◆ Exercise directions
Your result should be every line of the records below that contains the word "gives".
_ _ _ _ _
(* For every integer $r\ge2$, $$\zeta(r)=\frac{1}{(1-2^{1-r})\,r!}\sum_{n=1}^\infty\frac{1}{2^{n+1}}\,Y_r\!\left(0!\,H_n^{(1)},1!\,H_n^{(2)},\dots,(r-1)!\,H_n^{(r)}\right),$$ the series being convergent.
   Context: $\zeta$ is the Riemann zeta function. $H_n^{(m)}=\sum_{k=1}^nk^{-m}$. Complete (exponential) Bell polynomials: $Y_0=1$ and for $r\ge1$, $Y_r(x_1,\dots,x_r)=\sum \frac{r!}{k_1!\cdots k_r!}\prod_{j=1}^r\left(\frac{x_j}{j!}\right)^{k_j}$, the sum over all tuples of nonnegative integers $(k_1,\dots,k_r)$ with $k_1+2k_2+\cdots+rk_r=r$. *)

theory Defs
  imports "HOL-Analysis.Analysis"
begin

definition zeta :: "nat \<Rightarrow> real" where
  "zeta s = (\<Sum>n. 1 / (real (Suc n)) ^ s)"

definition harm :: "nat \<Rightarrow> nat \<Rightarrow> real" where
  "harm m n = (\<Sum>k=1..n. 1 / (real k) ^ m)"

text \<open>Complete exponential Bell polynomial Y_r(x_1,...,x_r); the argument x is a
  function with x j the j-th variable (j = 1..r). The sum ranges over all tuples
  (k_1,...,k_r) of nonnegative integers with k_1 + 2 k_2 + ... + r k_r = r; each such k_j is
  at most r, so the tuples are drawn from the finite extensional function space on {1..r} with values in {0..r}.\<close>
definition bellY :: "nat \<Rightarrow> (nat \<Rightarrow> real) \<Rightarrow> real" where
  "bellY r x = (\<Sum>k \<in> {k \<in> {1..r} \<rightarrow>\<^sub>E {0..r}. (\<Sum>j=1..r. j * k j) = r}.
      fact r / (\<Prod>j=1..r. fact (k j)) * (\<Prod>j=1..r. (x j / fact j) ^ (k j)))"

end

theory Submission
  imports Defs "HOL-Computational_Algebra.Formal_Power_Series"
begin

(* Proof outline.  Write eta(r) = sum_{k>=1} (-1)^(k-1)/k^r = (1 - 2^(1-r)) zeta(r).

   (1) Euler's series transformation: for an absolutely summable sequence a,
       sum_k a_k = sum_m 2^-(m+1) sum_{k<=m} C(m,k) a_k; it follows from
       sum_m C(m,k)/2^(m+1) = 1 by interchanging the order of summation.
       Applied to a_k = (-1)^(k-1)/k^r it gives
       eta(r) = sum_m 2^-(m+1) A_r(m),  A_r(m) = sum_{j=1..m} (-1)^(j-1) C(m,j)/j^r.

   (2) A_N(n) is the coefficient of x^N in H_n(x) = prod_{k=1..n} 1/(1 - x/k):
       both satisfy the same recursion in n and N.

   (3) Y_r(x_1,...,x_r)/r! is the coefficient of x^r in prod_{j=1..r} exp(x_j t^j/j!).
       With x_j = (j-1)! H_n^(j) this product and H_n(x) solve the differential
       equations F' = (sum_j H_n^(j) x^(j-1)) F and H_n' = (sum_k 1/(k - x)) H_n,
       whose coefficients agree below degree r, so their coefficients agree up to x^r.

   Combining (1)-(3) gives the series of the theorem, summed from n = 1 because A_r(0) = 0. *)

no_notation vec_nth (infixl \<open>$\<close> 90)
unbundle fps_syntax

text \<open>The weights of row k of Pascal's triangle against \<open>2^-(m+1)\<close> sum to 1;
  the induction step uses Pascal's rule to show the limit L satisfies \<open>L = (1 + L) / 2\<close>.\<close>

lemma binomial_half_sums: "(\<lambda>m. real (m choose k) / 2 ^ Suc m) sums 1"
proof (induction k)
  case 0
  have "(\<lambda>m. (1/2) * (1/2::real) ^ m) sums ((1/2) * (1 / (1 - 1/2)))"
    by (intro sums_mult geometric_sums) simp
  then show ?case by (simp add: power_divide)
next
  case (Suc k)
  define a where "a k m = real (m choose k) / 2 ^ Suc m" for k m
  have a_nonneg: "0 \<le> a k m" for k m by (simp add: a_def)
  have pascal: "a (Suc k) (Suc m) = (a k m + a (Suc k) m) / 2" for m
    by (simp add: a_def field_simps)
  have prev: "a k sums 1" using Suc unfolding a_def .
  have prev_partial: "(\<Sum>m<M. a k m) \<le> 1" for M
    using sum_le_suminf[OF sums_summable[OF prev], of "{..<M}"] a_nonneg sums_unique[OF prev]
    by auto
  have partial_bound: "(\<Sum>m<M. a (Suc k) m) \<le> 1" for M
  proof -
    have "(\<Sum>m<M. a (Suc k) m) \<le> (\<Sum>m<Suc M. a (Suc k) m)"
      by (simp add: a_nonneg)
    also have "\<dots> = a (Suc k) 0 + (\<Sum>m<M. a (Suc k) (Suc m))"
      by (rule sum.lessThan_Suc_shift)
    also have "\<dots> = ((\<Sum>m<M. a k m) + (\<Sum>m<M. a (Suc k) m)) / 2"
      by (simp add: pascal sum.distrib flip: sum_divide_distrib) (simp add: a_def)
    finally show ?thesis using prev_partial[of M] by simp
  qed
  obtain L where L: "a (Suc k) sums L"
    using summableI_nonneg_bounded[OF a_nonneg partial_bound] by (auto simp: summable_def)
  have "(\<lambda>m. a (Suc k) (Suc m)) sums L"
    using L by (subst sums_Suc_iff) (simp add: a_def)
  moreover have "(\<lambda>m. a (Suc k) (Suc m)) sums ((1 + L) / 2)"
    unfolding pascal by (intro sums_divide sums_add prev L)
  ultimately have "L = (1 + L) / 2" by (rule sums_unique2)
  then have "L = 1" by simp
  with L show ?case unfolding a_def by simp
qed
_ _ _ _ _
◆ Solution to this problem
       Applied to a_k = (-1)^(k-1)/k^r it gives
   Combining (1)-(3) gives the series of the theorem, summed from n = 1 because A_r(0) = 0. *)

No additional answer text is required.